DATA IN THIS EXERCISE Block Start

(* ODH is population monotonic. Fix a strict priority order on $\mathcal C$ used to break all ties in ODH. Let $\sigma=\langle\mathcal V,\mathcal C,S,B\rangle$ be an approval-based multi-winner election and let $\emptyset\neq\mathcal G\subseteq\mathrm{ODH}(\sigma)$. 1. Let $\mathcal A\subseteq\mathcal C$ satisfy $\mathcal G\cap\mathcal A=\emptyset$ and $B(\mathcal A)\ge1$. Let $\sigma_1=\langle\mathcal V_1,\mathcal C,S,B_1\rangle$ be given by: $|\mathcal V_1|=|\mathcal V|$, $B_1(\mathcal A)=B(\mathcal A)-1$, $B_1(\mathcal A\cup\mathcal G)=B(\mathcal A\cup\mathcal G)+1$, and $B_1(\mathcal X)=B(\mathcal X)$ for all other $\mathcal X\subseteq\mathcal C$. Then $\mathcal G\cap\mathrm{ODH}(\sigma_1)\neq\emptyset$. 2. Let $\sigma_2=\langle\mathcal V_2,\mathcal C,S,B_2\rangle$ be given by: $|\mathcal V_2|=|\mathcal V|+1$, $B_2(\mathcal G)=B(\mathcal G)+1$, and $B_2(\mathcal X)=B(\mathcal X)$ for all $\mathcal X\neq\mathcal G$. Then $\mathcal G\cap\mathrm{ODH}(\sigma_2)\neq\emptyset$.
   Context: An approval-based multi-winner election is a tuple $\sigma=\langle \mathcal V,\mathcal C,S,B\rangle$, where $\mathcal V$ is a finite set of agents, $\mathcal C$ is a finite set of candidates, $1\le S\le|\mathcal C|$ is an integer, and $B:2^{\mathcal C}\to\mathbb N$ gives, for each $\mathcal A\subseteq\mathcal C$, the number $B(\mathcal A)$ of agents whose ballot is exactly $\mathcal A$ (with $\sum_{\mathcal A}B(\mathcal A)\le|\mathcal V|$). For a non-empty $\mathcal A\subseteq\mathcal C$, the family $\mathfrak F_{\sigma,\mathcal A}$ is the set of all $F:2^{\mathcal C}\times\mathcal A\to\mathbb R$ such that: - $F(y,c)\ge0$ for all $y$ and $c$; - $F(y,c)=0$ if $c\notin y$; - $\sum_{c\in\mathcal A\cap y}F(y,c)=B(y)$ whenever $y\cap\mathcal A\neq\emptyset$. We write $\mathrm{Supp}_F(c)=\sum_yF(y,c)$ and $\mathrm{maxMin}(\sigma,\mathcal A)=\sup_{F\in\mathfrak F_{\sigma,\mathcal A}}\min_{c\in\mathcal A}\mathrm{Supp}_F(c)$. We also write $\mathfrak F^{\mathrm{opt}}_{\sigma,\mathcal A}=\{F\in\mathfrak F_{\sigma,\mathcal A}:\mathrm{Supp}_F(c)\ge\mathrm{maxMin}(\sigma,\mathcal A)\ \forall c\in\mathcal A\}$. The Open D'Hondt (ODH) rule proceeds as follows. Start with $\mathcal C_e=\emptyset$ and repeat $S$ times: - for each $c\in\mathcal C\setminus\mathcal C_e$, choose any $F\in\mathfrak F^{\mathrm{opt}}_{\sigma,\mathcal C_e\cup\{c\}}$ and set $s_c=\mathrm{Supp}_F(c)$ (this value equals $\mathrm{maxMin}(\sigma,\mathcal C_e\cup\{c\})$); - then add to $\mathcal C_e$ a candidate $w\in\mathcal C\setminus\mathcal C_e$ with maximal $s_w$, breaking ties by the fixed priority order. The output $\mathcal C_e$ is denoted $\mathrm{ODH}(\sigma)$. *)

theory Defs
  imports Complex_Main
begin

DATA IN THIS EXERCISE Block End

* _AIM OF THE EXERCISE_:
Output the listing above exactly as it appears.

* _ANSWER TO THIS EXERCISE_:
(* ODH is population monotonic. Fix a strict priority order on $\mathcal C$ used to break all ties in ODH. Let $\sigma=\langle\mathcal V,\mathcal C,S,B\rangle$ be an approval-based multi-winner election and let $\emptyset\neq\mathcal G\subseteq\mathrm{ODH}(\sigma)$. 1. Let $\mathcal A\subseteq\mathcal C$ satisfy $\mathcal G\cap\mathcal A=\emptyset$ and $B(\mathcal A)\ge1$. Let $\sigma_1=\langle\mathcal V_1,\mathcal C,S,B_1\rangle$ be given by: $|\mathcal V_1|=|\mathcal V|$, $B_1(\mathcal A)=B(\mathcal A)-1$, $B_1(\mathcal A\cup\mathcal G)=B(\mathcal A\cup\mathcal G)+1$, and $B_1(\mathcal X)=B(\mathcal X)$ for all other $\mathcal X\subseteq\mathcal C$. Then $\mathcal G\cap\mathrm{ODH}(\sigma_1)\neq\emptyset$. 2. Let $\sigma_2=\langle\mathcal V_2,\mathcal C,S,B_2\rangle$ be given by: $|\mathcal V_2|=|\mathcal V|+1$, $B_2(\mathcal G)=B(\mathcal G)+1$, and $B_2(\mathcal X)=B(\mathcal X)$ for all $\mathcal X\neq\mathcal G$. Then $\mathcal G\cap\mathrm{ODH}(\sigma_2)\neq\emptyset$.
   Context: An approval-based multi-winner election is a tuple $\sigma=\langle \mathcal V,\mathcal C,S,B\rangle$, where $\mathcal V$ is a finite set of agents, $\mathcal C$ is a finite set of candidates, $1\le S\le|\mathcal C|$ is an integer, and $B:2^{\mathcal C}\to\mathbb N$ gives, for each $\mathcal A\subseteq\mathcal C$, the number $B(\mathcal A)$ of agents whose ballot is exactly $\mathcal A$ (with $\sum_{\mathcal A}B(\mathcal A)\le|\mathcal V|$). For a non-empty $\mathcal A\subseteq\mathcal C$, the family $\mathfrak F_{\sigma,\mathcal A}$ is the set of all $F:2^{\mathcal C}\times\mathcal A\to\mathbb R$ such that: - $F(y,c)\ge0$ for all $y$ and $c$; - $F(y,c)=0$ if $c\notin y$; - $\sum_{c\in\mathcal A\cap y}F(y,c)=B(y)$ whenever $y\cap\mathcal A\neq\emptyset$. We write $\mathrm{Supp}_F(c)=\sum_yF(y,c)$ and $\mathrm{maxMin}(\sigma,\mathcal A)=\sup_{F\in\mathfrak F_{\sigma,\mathcal A}}\min_{c\in\mathcal A}\mathrm{Supp}_F(c)$. We also write $\mathfrak F^{\mathrm{opt}}_{\sigma,\mathcal A}=\{F\in\mathfrak F_{\sigma,\mathcal A}:\mathrm{Supp}_F(c)\ge\mathrm{maxMin}(\sigma,\mathcal A)\ \forall c\in\mathcal A\}$. The Open D'Hondt (ODH) rule proceeds as follows. Start with $\mathcal C_e=\emptyset$ and repeat $S$ times: - for each $c\in\mathcal C\setminus\mathcal C_e$, choose any $F\in\mathfrak F^{\mathrm{opt}}_{\sigma,\mathcal C_e\cup\{c\}}$ and set $s_c=\mathrm{Supp}_F(c)$ (this value equals $\mathrm{maxMin}(\sigma,\mathcal C_e\cup\{c\})$); - then add to $\mathcal C_e$ a candidate $w\in\mathcal C\setminus\mathcal C_e$ with maximal $s_w$, breaking ties by the fixed priority order. The output $\mathcal C_e$ is denoted $\mathrm{ODH}(\sigma)$. *)

theory Defs
  imports Complex_Main
begin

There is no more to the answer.